== TASK TO COMPLETE ==
Counting task for the entries below: give the number of lines that contain the word "incseq", with no other text.

== PROVIDED ENTRIES ==
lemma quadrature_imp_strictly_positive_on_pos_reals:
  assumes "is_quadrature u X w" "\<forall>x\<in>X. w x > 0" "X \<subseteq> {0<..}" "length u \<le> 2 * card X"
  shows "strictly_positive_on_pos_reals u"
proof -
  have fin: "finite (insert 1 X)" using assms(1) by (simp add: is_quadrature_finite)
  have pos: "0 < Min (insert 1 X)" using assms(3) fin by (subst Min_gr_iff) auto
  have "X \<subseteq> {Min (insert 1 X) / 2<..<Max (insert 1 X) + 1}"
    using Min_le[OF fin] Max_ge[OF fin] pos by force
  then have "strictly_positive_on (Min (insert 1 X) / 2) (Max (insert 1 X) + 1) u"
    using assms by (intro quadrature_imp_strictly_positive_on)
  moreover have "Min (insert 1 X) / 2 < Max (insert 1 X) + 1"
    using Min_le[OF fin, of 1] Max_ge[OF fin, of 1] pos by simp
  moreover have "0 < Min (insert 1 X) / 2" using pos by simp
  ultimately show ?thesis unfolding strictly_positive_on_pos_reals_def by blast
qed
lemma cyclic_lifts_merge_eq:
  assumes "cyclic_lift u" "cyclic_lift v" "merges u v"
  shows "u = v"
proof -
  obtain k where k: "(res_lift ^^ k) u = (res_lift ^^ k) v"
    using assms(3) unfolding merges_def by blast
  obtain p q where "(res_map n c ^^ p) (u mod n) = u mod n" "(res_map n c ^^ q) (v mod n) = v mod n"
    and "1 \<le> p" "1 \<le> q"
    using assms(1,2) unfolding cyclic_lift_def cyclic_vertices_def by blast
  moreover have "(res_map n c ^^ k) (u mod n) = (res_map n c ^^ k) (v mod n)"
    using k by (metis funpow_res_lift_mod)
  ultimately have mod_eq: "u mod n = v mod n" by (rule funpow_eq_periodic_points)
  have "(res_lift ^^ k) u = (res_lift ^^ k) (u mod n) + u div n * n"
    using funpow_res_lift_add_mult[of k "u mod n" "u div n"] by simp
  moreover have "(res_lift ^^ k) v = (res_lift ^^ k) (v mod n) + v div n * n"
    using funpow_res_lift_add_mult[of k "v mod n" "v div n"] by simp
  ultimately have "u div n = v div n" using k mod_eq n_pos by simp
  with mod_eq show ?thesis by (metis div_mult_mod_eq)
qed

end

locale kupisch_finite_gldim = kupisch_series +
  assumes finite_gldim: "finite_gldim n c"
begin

--

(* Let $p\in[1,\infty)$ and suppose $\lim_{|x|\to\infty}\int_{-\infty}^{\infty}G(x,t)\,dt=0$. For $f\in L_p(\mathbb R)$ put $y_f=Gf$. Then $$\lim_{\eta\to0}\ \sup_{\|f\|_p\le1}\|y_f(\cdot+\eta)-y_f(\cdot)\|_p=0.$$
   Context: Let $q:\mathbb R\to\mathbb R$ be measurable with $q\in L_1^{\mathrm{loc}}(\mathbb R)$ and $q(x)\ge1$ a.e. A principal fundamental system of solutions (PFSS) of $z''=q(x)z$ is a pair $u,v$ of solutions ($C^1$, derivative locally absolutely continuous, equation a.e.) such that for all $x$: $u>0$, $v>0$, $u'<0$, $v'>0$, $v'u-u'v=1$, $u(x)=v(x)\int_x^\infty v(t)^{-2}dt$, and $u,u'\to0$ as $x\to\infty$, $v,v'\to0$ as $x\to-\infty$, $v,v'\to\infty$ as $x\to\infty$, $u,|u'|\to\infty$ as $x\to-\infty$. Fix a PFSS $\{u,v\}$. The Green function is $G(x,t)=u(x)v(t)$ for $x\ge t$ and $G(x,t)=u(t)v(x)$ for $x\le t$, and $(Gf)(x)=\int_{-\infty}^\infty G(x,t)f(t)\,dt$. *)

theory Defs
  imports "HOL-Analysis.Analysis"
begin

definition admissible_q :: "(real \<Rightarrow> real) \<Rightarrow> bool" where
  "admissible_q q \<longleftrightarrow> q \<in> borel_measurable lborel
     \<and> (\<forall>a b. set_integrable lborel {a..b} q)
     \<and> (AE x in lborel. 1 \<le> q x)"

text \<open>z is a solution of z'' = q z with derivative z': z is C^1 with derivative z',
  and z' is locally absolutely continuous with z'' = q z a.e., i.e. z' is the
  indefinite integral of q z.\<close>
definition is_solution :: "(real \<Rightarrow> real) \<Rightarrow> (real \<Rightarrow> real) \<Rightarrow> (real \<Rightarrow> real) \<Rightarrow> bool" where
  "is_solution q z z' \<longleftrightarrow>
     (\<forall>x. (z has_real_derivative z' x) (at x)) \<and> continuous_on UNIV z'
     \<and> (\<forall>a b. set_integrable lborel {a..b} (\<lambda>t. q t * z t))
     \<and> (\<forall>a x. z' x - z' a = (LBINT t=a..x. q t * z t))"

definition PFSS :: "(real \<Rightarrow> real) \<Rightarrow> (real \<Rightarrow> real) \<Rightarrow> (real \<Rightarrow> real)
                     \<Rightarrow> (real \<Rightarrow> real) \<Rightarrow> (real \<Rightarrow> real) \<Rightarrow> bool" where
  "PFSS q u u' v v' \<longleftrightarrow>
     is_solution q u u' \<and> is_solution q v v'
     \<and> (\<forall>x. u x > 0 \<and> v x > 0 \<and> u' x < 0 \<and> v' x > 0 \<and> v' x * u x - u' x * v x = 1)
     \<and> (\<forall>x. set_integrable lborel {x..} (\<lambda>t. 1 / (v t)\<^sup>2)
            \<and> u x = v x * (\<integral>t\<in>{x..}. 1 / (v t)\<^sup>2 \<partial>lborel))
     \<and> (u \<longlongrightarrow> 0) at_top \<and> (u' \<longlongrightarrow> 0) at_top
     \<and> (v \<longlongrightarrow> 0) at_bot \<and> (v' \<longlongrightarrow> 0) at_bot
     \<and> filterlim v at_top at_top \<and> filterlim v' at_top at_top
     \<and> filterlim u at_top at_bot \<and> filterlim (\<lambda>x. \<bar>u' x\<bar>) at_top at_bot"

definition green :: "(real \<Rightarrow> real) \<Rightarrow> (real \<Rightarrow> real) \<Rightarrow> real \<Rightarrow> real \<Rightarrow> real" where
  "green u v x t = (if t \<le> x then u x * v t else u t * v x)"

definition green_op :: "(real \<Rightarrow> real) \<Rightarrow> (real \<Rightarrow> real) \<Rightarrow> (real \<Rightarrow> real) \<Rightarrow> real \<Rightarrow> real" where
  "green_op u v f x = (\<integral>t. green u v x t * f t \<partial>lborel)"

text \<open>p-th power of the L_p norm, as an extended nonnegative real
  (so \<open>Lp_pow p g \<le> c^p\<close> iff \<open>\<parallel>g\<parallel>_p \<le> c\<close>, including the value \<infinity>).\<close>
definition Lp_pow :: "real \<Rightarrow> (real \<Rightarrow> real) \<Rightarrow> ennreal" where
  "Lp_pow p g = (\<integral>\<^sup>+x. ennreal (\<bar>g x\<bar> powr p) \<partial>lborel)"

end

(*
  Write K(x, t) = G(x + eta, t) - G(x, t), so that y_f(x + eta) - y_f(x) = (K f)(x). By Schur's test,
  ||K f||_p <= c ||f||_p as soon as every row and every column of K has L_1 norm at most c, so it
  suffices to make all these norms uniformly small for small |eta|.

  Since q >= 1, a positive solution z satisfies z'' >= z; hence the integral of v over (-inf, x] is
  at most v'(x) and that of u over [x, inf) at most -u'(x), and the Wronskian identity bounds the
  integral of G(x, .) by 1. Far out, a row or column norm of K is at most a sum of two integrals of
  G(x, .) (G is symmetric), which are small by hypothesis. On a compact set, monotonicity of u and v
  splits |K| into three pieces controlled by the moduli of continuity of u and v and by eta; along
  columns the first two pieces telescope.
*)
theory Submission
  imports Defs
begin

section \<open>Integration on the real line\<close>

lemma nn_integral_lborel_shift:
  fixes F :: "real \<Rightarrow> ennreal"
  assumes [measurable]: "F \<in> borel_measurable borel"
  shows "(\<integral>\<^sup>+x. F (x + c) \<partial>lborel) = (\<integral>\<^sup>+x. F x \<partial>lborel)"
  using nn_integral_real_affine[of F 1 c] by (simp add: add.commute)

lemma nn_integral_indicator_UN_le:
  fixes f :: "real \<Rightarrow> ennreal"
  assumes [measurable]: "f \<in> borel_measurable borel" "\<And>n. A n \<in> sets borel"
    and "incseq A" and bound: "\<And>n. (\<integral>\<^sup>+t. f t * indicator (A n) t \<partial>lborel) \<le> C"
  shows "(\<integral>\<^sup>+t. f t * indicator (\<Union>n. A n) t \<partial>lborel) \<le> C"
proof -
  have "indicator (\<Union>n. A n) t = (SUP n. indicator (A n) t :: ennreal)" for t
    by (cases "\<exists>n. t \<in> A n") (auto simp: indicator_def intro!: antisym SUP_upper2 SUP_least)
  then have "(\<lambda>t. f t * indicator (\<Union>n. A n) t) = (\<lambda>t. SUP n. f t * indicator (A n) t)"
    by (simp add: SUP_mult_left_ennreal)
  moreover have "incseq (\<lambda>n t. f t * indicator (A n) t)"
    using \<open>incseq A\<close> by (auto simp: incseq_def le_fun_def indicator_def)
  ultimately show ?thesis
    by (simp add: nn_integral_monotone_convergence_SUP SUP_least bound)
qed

== OUTPUT OF THE EXERCISE ==
3